Profile
General Information
Berinet is a human plasma derived, purified, pasteurized, lyophilized concentrate of the protein C1 esterase inhibitor. HAE is caused by the poor functioning of C1 that is present in the plasma and helps control inflammation (swelling) and parts of the immune system.
Berinert is specifically indicated for the treatment of acute abdominal, facial, or laryngeal hereditary angioedema (HAE) attacks in adult and pediatric patients.
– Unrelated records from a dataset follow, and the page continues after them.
section \<open>The Wenger graph has no 10-cycle\<close>

lemma closed_polygon_power_sums:
  fixes x :: "nat \<Rightarrow> point" and d :: "nat \<Rightarrow> int"
  assumes "\<And>i. i < k \<Longrightarrow> collinear_dir p (d i) (x i) (x ((i + 1) mod k))" "j < 5"
  shows "p dvd (\<Sum>i<k. (x ((i + 1) mod k) 0 - x i 0) * d i ^ j)"
proof -
  have "p dvd (\<Sum>i<k. x ((i + 1) mod k) j - x i j - (x ((i + 1) mod k) 0 - x i 0) * d i ^ j)"
    using assms unfolding collinear_dir_def by (auto intro: dvd_sum)
  also have "\<dots> = - (\<Sum>i<k. (x ((i + 1) mod k) 0 - x i 0) * d i ^ j)"
    using sum_rotate_mod[of "\<lambda>i. x i j" k] by (simp add: sum_subtractf)
  finally show ?thesis
    by simp
qed

theorem wenger_no_C10:
  assumes "prime p"
  shows "\<not> has_2k_cycle 5 (wenger_edges p)"
proof
  assume "has_2k_cycle 5 (wenger_edges p)"
  then obtain x l where inj_x: "inj_on x {..<5}" and inj_l: "inj_on l {..<5}"
    and edges: "\<And>i::nat. i < 5 \<Longrightarrow>
      (x i, l i) \<in> wenger_edges p \<and> (x ((i + 1) mod 5), l i) \<in> wenger_edges p"
    unfolding has_2k_cycle_def by blast
  define d where "d i = fst (l i)" for i
  define t where "t i = x ((i + 1) mod 5) 0 - x i 0" for i
  have x_pts: "x i \<in> wenger_points p" and d_range: "d i \<in> {0..<p}"
    and l_eq: "l i = wenger_line p (x i) (d i)" "l i = wenger_line p (x ((i + 1) mod 5)) (d i)"
    if "i < 5" for i
    using edges[OF that] unfolding wenger_edges_iff d_def by auto
  have collinear: "collinear_dir p (d i) (x i) (x ((i + 1) mod 5))" if "i < 5" for i
    using l_eq[OF that] wenger_line_eq_iff by metis
  have "p dvd (\<Sum>i<5. t i * d i ^ j)" if "j < 5" for j
    using closed_polygon_power_sums[where k = 5 and x = x and d = d, OF collinear that]
    unfolding t_def .
  moreover have "d i \<noteq> d ((i + 1) mod 5)" if "i < 5" for i
  proof
    assume "d i = d ((i + 1) mod 5)"
    then have "l i = l ((i + 1) mod 5)"
      using l_eq(2)[OF that] l_eq(1)[of "(i + 1) mod 5"] by simp
    moreover have "i \<noteq> (i + 1) mod 5"
      using that by (cases "i = 4") auto
    ultimately show False
      using inj_l that by (auto dest: inj_onD)
  qed
  then obtain i0 where i0: "i0 < 5" "\<forall>i<5. d i = d i0 \<longrightarrow> i = i0"
    using proper_colouring_C5_has_singleton_class by blast
  moreover have "d ` {..<5} \<subseteq> {0..<p}"
    using d_range by auto
  moreover have "card (d ` {..<5}) \<le> 5"
    using card_image_le[of "{..<5::nat}" d] by simp
  ultimately have "p dvd (\<Sum>i\<in>{i\<in>{..<5}. d i = d i0}. t i)"
    using prime_dvd_node_weight_if_dvd_power_sums[OF assms, of "{..<5}" d 5 t i0] by blast
  also have "{i\<in>{..<5}. d i = d i0} = {i0}"
    using i0 by auto
  finally have "x i0 = x ((i0 + 1) mod 5)"
    using collinear_dir_eqI[OF x_pts x_pts collinear] i0(1) unfolding t_def by simp
  moreover have "i0 \<noteq> (i0 + 1) mod 5"
    using i0(1) by (cases "i0 = 4") auto
  ultimately show False
    using inj_x i0(1) by (auto dest: inj_onD)
qed
(* Let $A>0$ and assume $\lambda_0:=A-1>0$. Fix $0<\mu_0<\lambda_0$ and $a$ with $\mu_0+1<a<\lambda_0+1$. Let $\theta\in C_b(\mathbb{R})$. Then there is $\varepsilon_0>0$ such that for any $|\varepsilon|<\varepsilon_0$ the following holds: any global nonnegative solution $u=u^\varepsilon(t,x,y)$ of $$\partial_t u=\partial_{xx}u+\partial_{yy}u+u\left(1-A^2\big(y-\varepsilon\theta(x)\big)^2-\int_{\mathbb{R}}u(t,x,y')\,dy'\right),\quad t>0,\ x,y\in\mathbb{R},$$ starting from an initial datum $u_0=u_0(x,y)$ such that $$M=M(u_0):=\sup_{(x,y)\in\mathbb{R}^2}u_0(x,y)e^{\frac12 a y^2}<+\infty,$$ satisfies $$0\le u(t,x,y)\le Me^{-\mu_0 t}e^{-\frac12 a y^2}\quad\text{for all } t\ge 0,\ x\in\mathbb{R},\ y\in\mathbb{R}.$$
   Context: $C_b(\mathbb{R})$ denotes the bounded continuous functions on $\mathbb{R}$. The number $\lambda_0=A-1$ is the principal eigenvalue of $-\frac{d^2}{dy^2}-(1-A^2y^2)$ on $L^2(\mathbb{R})$. *)

theory Defs
  imports "HOL-Analysis.Analysis"
begin

definition is_global_solution ::
  "real \<Rightarrow> real \<Rightarrow> (real \<Rightarrow> real) \<Rightarrow> (real \<Rightarrow> real \<Rightarrow> real)
   \<Rightarrow> (real \<Rightarrow> real \<Rightarrow> real \<Rightarrow> real) \<Rightarrow> bool" where
  "is_global_solution A eps theta u0 u \<longleftrightarrow>
     continuous_on ({0..} \<times> UNIV \<times> UNIV) (\<lambda>(t, x, y). u t x y)
   \<and> (\<forall>x y. u 0 x y = u0 x y)
   \<and> (\<forall>T\<ge>0. bounded ((\<lambda>(t, x, y). u t x y) ` ({0..T} \<times> UNIV \<times> UNIV)))
   \<and> (\<forall>t\<ge>0. \<forall>x. integrable lborel (\<lambda>y'. u t x y'))
   \<and> (\<exists>ut ux uxx uy uyy :: real \<Rightarrow> real \<Rightarrow> real \<Rightarrow> real.
        \<forall>t>0. \<forall>x y.
          ((\<lambda>s. u s x y) has_real_derivative ut t x y) (at t)
        \<and> ((\<lambda>\<xi>. u t \<xi> y) has_real_derivative ux t x y) (at x)
        \<and> ((\<lambda>\<xi>. ux t \<xi> y) has_real_derivative uxx t x y) (at x)
        \<and> ((\<lambda>\<eta>. u t x \<eta>) has_real_derivative uy t x y) (at y)
        \<and> ((\<lambda>\<eta>. uy t x \<eta>) has_real_derivative uyy t x y) (at y)
        \<and> ut t x y = uxx t x y + uyy t x y
            + u t x y * (1 - A\<^sup>2 * (y - eps * theta x)\<^sup>2
                         - (LINT y'|lborel. u t x y')))"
Berinert is supplied as a freeze-dried powder for reconstitution for intravenous administration. The recommended initial dose is 20 units per kg body weight by intravenous injection.
Mechanism of Action
Berinet is a human plasma derived, purified, pasteurized, lyophilized concentrate of C1 esterase inhibitor to be reconstituted for intravenous administration. C1 esterase inhibitor is a normal constituent of human plasma and belongs to the group serine protease inhibitors (serpins). C1 esterase inhibitor has an important inhibiting potential on several of the major cascade systems of the human body including the complement system, the intrinsic coagulation (contact) system, the fibrinolytic system, and the coagulation cascade. HAE patients have low levels of endogenous or functional C1 esterase inhibitor. Although the events that induce attacks of angioedema in HAE patients are not well defined, it has been postulated that increased vascular permeability and the clinical manifestation of HAE attacks may be primarily mediated through contact system activation.
Side Effects
Adverse events associated with the use of Berinert may include, but are not limited to, the following:
- Subsequent HAE attack
- Headache
- Abdominal pain
- Nausea
- Muscle spasms
- Pain
- Diarrhea
- Vomiting
Clinical Trial Results
The FDA approval of Berinert was based on a placebo-controlled, double-blind, prospective, multinational, randomized, parallel-group, dose-finding, three-arm, clinical study. This study enrolled 124 adult and pediatric subjects with C1 Esterase Inhibitor deficiency who were experiencing an acute moderate to severe attack of abdominal or facial HAE. The subjects were randomized to receive a single 10 unit/kg body weight dose of Berinert, a single 20 unit/kg dose of Berinert or a single dose of placebo by slow intravenous infusion (recommended to be given at a rate of approximately 4 mL per minute) within 5 hours of an attack. If a subject experienced no relief or insufficient relief of symptoms by 4 hours after infusion, investigators had the option to administer a second infusion of Berinert (20 units/kg for the placebo group, 10 units/kg for the 10 units/kg group), or placebo (for the 20 units/kg group). This masked (blinded) rescue study medication was administered to subjects and they were then followed until complete resolution of symptoms was achieved. The objectives were to evaluate whether Berinert shortens the time to onset of relief of symptoms of an abdominal or facial attack compared to placebo and to compare the efficacy of two different doses of Berinert. Subjects treated with 20 units/kg body weight of Berinert experienced a significant reduction (p≡0.0016) in time to onset of relief from symptoms of an HAE attack as compared to placebo (median of 50 minutes for Berinert 20 units/kg body weight, as compared to >4 hours for placebo). The time to onset of relief from symptoms of an HAE attack for subjects in the 10 unit/kg dose of Berinert was not statistically significantly different from that of subjects in the placebo group. In addition, the efficacy of Berinert 20 units/kg body weight could be confirmed by observing a reduction in the intensity of single HAE symptoms at an earlier time compared to placebo. Both the proportion of subjects with increased intensity of clinical HAE symptoms between 2 and 4 hours after start of treatment compared to baseline, and the number of vomiting episodes within 4 hours after start of study treatment demonstrated trends in favor of Berinert in comparison to placebo (p values < 0.1). No subjects treated with Berinert at 20 units/kg body weight reported worsening of symptoms at 4 hours after administration of study medication compared to baseline.